Reputation: 5359
Suppose I have a df that looks like this:
posF ffreq posR rfreq
0 10 0.50 11.0 0.08
1 20 0.20 31.0 0.90
2 30 0.03 41.0 0.70
3 40 0.72 51.0 0.08
4 50 0.09 81.0 0.78
5 60 0.09 NaN NaN
6 70 0.01 NaN NaN
7 80 0.09 NaN NaN
8 90 0.08 NaN NaN
9 100 0.02 NaN NaN
In the posR column, we see that it jumps from 11 to 31, and there is not a value in the "20's". I want to insert a value to fill that space, which would essentially just be the posF
value, and NA
, so my resulting df would look like this:
posF ffreq posR rfreq
0 10 0.50 11.0 0.08
1 20 0.20 20 NaN
2 30 0.03 31.0 0.90
3 40 0.72 41.0 0.70
4 50 0.09 50 NaN
5 60 0.09 60 NaN
6 70 0.01 70 NaN
7 80 0.09 80 NaN
8 90 0.08 81.0 0.78
9 100 0.02 100 NaN
So I want to fill the NaN values in the position with the values from posF
that are in between the values in posR
.
What I have tried to do is just make a dummy list and add values to the list based on if they were less than a (I see the flaw here but I don't know how to fix it).
insert_rows = []
for x in df['posF']:
for a,b in zip(df['posR'], df['rfreq']):
if x<a:
insert_rows.append([x, 'NA'])
print(len(insert_rows))#21, should be 5
I realize that it is appending x several times until it reaches the condition of being >a.

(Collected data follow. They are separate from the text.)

(* Let $f\in\mathcal A$ and suppose that $f$ does not have zero sums at $e$, i.e. there is $\mathbf n\in\mathbf L$ with $\sum_{l=0}^\infty f(s_{\mathbf n_l}s_{\mathbf n_l}^* )\neq0$. Then there exist $g,h\in\mathcal A$ with $g\#f\#h=\delta_e$.
   Context: Let $\mathrm{Cu}_2$ be the involutive monoid with identity $e$ and zero element $\lozenge$ (so $\lozenge t=\lozenge=t\lozenge$ for all $t$), generated by $s_1,s_2,s_1^*,s_2^*$ subject to $s_1^*s_1=e=s_2^*s_2$ and $s_1^*s_2=\lozenge=s_2^*s_1$, with involution $t\mapsto t^*$ satisfying $(t^* )^*=t$, $(tu)^*=u^*t^*$. Let $\mathbf I_0=\{\emptyset\}$, $\mathbf I_n=\{1,2\}^n$, $\mathbf I=\bigcup_{n\ge0}\mathbf I_n$ (finite words; concatenation written $\mathbf{ij}$), and $\mathbf L=\{1,2\}^{\mathbb N}$; for $\mathbf n=(n_1,n_2,\dots)\in\mathbf L$ put $\mathbf n_0=\emptyset$, $\mathbf n_l=(n_1,\dots,n_l)$. For $\mathbf i=(i_1,\dots,i_k)\in\mathbf I$ put $s_{\mathbf i}=s_{i_1}\cdots s_{i_k}$ ($s_\emptyset=e$) and $s_{\mathbf i}^*=(s_{\mathbf i})^*$. Every $t\in\mathrm{Cu}_2\setminus\{\lozenge\}$ can be written uniquely as $t=s_{\mathbf i}s_{\mathbf j}^*$ with $\mathbf i,\mathbf j\in\mathbf I$. Let $\mathcal A=\ell^1(\mathrm{Cu}_2\setminus\{\lozenge\})$ with product $\#$ determined by bilinearity and continuity from $\delta_s\#\delta_t=\delta_{st}$ if $st\neq\lozenge$ and $\delta_s\#\delta_t=0$ if $st=\lozenge$; this is a unital Banach $*$-algebra with unit $\delta_e$ and isometric involution $f^*(s)=\overline{f(s^* )}$. *)

theory Defs
  imports "HOL-Analysis.Analysis"
begin

datatype gen = G1 | G2

type_synonym word = "gen list"

text \<open>A nonzero element of Cu_2 is represented by its unique normal form
  s_i s_j^* , i.e. by the pair (i, j) of finite words.\<close>
type_synonym cu2 = "word \<times> word"

definition cu2_e :: cu2 where "cu2_e = ([], [])"

text \<open>Multiplication in Cu_2; None stands for the zero element.
  (s_i s_j^*)(s_k s_l^*) = s_i s_k' s_l^* if k = j k';
                         = s_i (s_l s_j')^* if j = k j';
                         = zero otherwise.\<close>
definition cu2_mult :: "cu2 \<Rightarrow> cu2 \<Rightarrow> cu2 option" where
  "cu2_mult a b =
     (case a of (i, j) \<Rightarrow> case b of (k, l) \<Rightarrow>
        if (\<exists>k'. k = j @ k') then Some (i @ drop (length j) k, l)
        else if (\<exists>j'. j = k @ j') then Some (i, l @ drop (length k) j)
        else None)"

text \<open>Elements of the Banach algebra ell^1(Cu_2 minus zero).\<close>
definition in_A :: "(cu2 \<Rightarrow> complex) \<Rightarrow> bool" where
  "in_A f \<longleftrightarrow> (\<lambda>t. norm (f t)) summable_on UNIV"

definition conv :: "(cu2 \<Rightarrow> complex) \<Rightarrow> (cu2 \<Rightarrow> complex) \<Rightarrow> cu2 \<Rightarrow> complex"
  (infixl "#\<^sub>C" 70) where
  "conv f g t = (\<Sum>\<^sub>\<infinity>(s, u) \<in> UNIV. if cu2_mult s u = Some t then f s * g u else 0)"

definition delta :: "cu2 \<Rightarrow> cu2 \<Rightarrow> complex" where
  "delta s = (\<lambda>t. if t = s then 1 else 0)"

text \<open>n_l = (n_1, ..., n_l) for an infinite word n (indexed from 0 here).\<close>
definition prefix_word :: "(nat \<Rightarrow> gen) \<Rightarrow> nat \<Rightarrow> word" where
  "prefix_word n l = map n [0..<l]"

end

(*
  Take u = n_L 1^L 2 for a large L and compress f by s_u, i.e. form s_u^* # f # s_u.
  A basis element s_i s_j^* with |i|, |j| <= L survives the compression only if
  i = j = n_l for some l <= L, and then it becomes e: since the final letter 2 of u
  is preceded by L letters 1, no suffix of u reoccurs in u after a shift by 1..L
  positions. So s_u^* # f # s_u = c_L e + r, where c_L is the L-th partial sum of
  the series in the hypothesis and the l1-norm of r is bounded by the mass of f
  outside words of length <= L. For large L this gives |r| < |c_L|, so c_L e + r
  has a left inverse y (a Neumann series), and g = y # s_u^*, h = s_u.
*)

theory Submission
  imports Defs
begin

text \<open>Pushforwards are taken along partial maps, with None playing the role of the zero of
  Cu_2. The product # is the pushforward of the tensor product along multiplication, which
  reduces its algebra to that of pushforwards.\<close>

definition pushforward :: "('a \<Rightarrow> 'b option) \<Rightarrow> ('a \<Rightarrow> complex) \<Rightarrow> 'b \<Rightarrow> complex" where
  "pushforward \<phi> F t = (\<Sum>\<^sub>\<infinity>s. if \<phi> s = Some t then F s else 0)"

definition l1_norm :: "('a \<Rightarrow> complex) \<Rightarrow> real" where
  "l1_norm F = (\<Sum>\<^sub>\<infinity>s. norm (F s))"

lemma infsum_UNIV_single:
  assumes "\<And>x. x \<noteq> a \<Longrightarrow> F x = (0::'b::{comm_monoid_add,t2_space})"
  shows "infsum F UNIV = F a"
proof -
  have "infsum F UNIV = infsum F {a}"
    by (rule infsum_cong_neutral) (use assms in auto)
  then show ?thesis by simp
qed

lemma summable_on_if_zero:
  fixes F :: "'a \<Rightarrow> 'b::banach"
  assumes "F summable_on UNIV"
  shows "(\<lambda>x. if P x then F x else 0) summable_on UNIV"
proof -
  have "F summable_on {x. P x}"
    using assms by (rule summable_on_subset_banach) simp
  moreover have "(\<lambda>x. if P x then F x else 0) summable_on UNIV \<longleftrightarrow> F summable_on {x. P x}"
    by (rule summable_on_cong_neutral) auto
  ultimately show ?thesis by simp
qed

lemma has_sum_graph_iff:
  "((\<lambda>(t, s). if \<phi> s = Some t then F s else 0) has_sum X) UNIV
   \<longleftrightarrow> (F has_sum X) {s. \<phi> s \<noteq> None}"
proof -
  let ?G = "\<lambda>(t, s). if \<phi> s = Some t then F s else 0"
  let ?h = "\<lambda>s. (the (\<phi> s), s)"
  have "(?G has_sum X) UNIV \<longleftrightarrow> (?G has_sum X) (?h ` {s. \<phi> s \<noteq> None})"
  proof (rule has_sum_cong_neutral)
    fix x assume x: "x \<in> UNIV - ?h ` {s. \<phi> s \<noteq> None}"
    obtain t s where xts: "x = (t, s)" by (cases x)
    show "?G x = 0"
    proof (cases "\<phi> s = Some t")
      case True
      then have "x \<in> ?h ` {s. \<phi> s \<noteq> None}" using xts by (auto intro!: image_eqI[of _ _ s])
      then show ?thesis using x by blast
    qed (simp add: xts)
  qed auto
  also have "\<dots> \<longleftrightarrow> ((?G \<circ> ?h) has_sum X) {s. \<phi> s \<noteq> None}"
    by (rule has_sum_reindex) (auto simp: inj_on_def)
  also have "\<dots> \<longleftrightarrow> (F has_sum X) {s. \<phi> s \<noteq> None}"
    by (rule has_sum_cong) auto
  finally show ?thesis .
qed

lemma summable_on_graph:
  fixes F :: "'a \<Rightarrow> 'b::banach"
  assumes "F summable_on UNIV"
  shows "(\<lambda>(t, s). if \<phi> s = Some t then F s else 0) summable_on UNIV"
    and "(\<Sum>\<^sub>\<infinity>(t, s). if \<phi> s = Some t then F s else 0) = infsum F {s. \<phi> s \<noteq> None}"
proof -
  have "F summable_on {s. \<phi> s \<noteq> None}"
    using assms by (rule summable_on_subset_banach) simp
  then have "((\<lambda>(t, s). if \<phi> s = Some t then F s else 0) has_sum infsum F {s. \<phi> s \<noteq> None}) UNIV"
    by (simp add: has_sum_graph_iff)
  then show "(\<lambda>(t, s). if \<phi> s = Some t then F s else 0) summable_on UNIV"
    and "(\<Sum>\<^sub>\<infinity>(t, s). if \<phi> s = Some t then F s else 0) = infsum F {s. \<phi> s \<noteq> None}"
    by (auto simp: summable_on_def infsumI)
qed

lemma pushforward_summable:
  assumes "F summable_on UNIV"
  shows "pushforward \<phi> F summable_on UNIV"
  using summable_on_Sigma_banach[OF summable_on_graph(1)[OF assms, of \<phi>, unfolded UNIV_Times_UNIV[symmetric]]]
  by (simp add: pushforward_def[abs_def])

lemma l1_norm_pushforward_le:
  assumes F: "F summable_on UNIV"
  shows "l1_norm (pushforward \<phi> F) \<le> l1_norm F"
proof -
  let ?N = "\<lambda>t s. if \<phi> s = Some t then norm (F s) else 0"
  have nF: "(\<lambda>s. norm (F s)) summable_on UNIV"
    using F summable_on_iff_abs_summable_on_complex by blast
  have N: "(\<lambda>(t, s). ?N t s) summable_on UNIV \<times> UNIV"
    using summable_on_graph(1)[OF nF, of \<phi>] by simp
  have "norm (pushforward \<phi> F t) \<le> (\<Sum>\<^sub>\<infinity>s. ?N t s)" for t
  proof -
    have "?N t summable_on UNIV"
      using summable_on_SigmaD1[OF N[unfolded UNIV_Times_UNIV[symmetric]]] by simp
    then have "(\<lambda>s. norm (if \<phi> s = Some t then F s else 0)) summable_on UNIV"
      by (rule summable_on_cong[THEN iffD1, rotated]) simp
    then have "norm (pushforward \<phi> F t) \<le> (\<Sum>\<^sub>\<infinity>s. norm (if \<phi> s = Some t then F s else 0))"
      unfolding pushforward_def by (rule norm_infsum_bound)
    also have "\<dots> = (\<Sum>\<^sub>\<infinity>s. ?N t s)"
      by (rule infsum_cong) simp
    finally show ?thesis .
  qed
  then have "l1_norm (pushforward \<phi> F) \<le> (\<Sum>\<^sub>\<infinity>t. \<Sum>\<^sub>\<infinity>s. ?N t s)"
    unfolding l1_norm_def
    using pushforward_summable[OF F] summable_on_Sigma_banach[OF N[unfolded UNIV_Times_UNIV[symmetric]]]
    by (intro infsum_mono) (auto simp: summable_on_iff_abs_summable_on_complex)
  also have "\<dots> = (\<Sum>\<^sub>\<infinity>(t, s). ?N t s)"
    using infsum_Sigma'_banach[OF N[unfolded UNIV_Times_UNIV[symmetric]]] by simp
  also have "\<dots> = infsum (\<lambda>s. norm (F s)) {s. \<phi> s \<noteq> None}"
    by (rule summable_on_graph(2)[OF nF])
  also have "\<dots> \<le> l1_norm F"
    unfolding l1_norm_def
    using nF summable_on_subset_banach[OF nF, of "{s. \<phi> s \<noteq> None}"]
    by (intro infsum_mono_neutral) auto
  finally show ?thesis .
qed

lemma pushforward_add:
  assumes "F summable_on UNIV" "G summable_on UNIV"
  shows "pushforward \<phi> (\<lambda>s. F s + G s) t = pushforward \<phi> F t + pushforward \<phi> G t"
proof -
  have "pushforward \<phi> (\<lambda>s. F s + G s) t
      = (\<Sum>\<^sub>\<infinity>s. (if \<phi> s = Some t then F s else 0) + (if \<phi> s = Some t then G s else 0))"
    unfolding pushforward_def by (rule infsum_cong) simp
  also have "\<dots> = pushforward \<phi> F t + pushforward \<phi> G t"
    unfolding pushforward_def using assms by (intro infsum_add summable_on_if_zero)
  finally show ?thesis .
qed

After this I will just create a new df and add these values to the original 2 columns so they are the same length.
If you can think of a better title, feel free to edit.
Upvotes: 1
Views: 98
Reputation: 10860
My first thought was to retrieve the new indices for the entries in posR
by interpolating with posF
and then put the values to their new positions - but as you want to have 81
one row later than here, I'm afraid this is not exactly what you're searching for and I still don't really get the logic behind your task.
However, perhaps this is a starting point, let's see...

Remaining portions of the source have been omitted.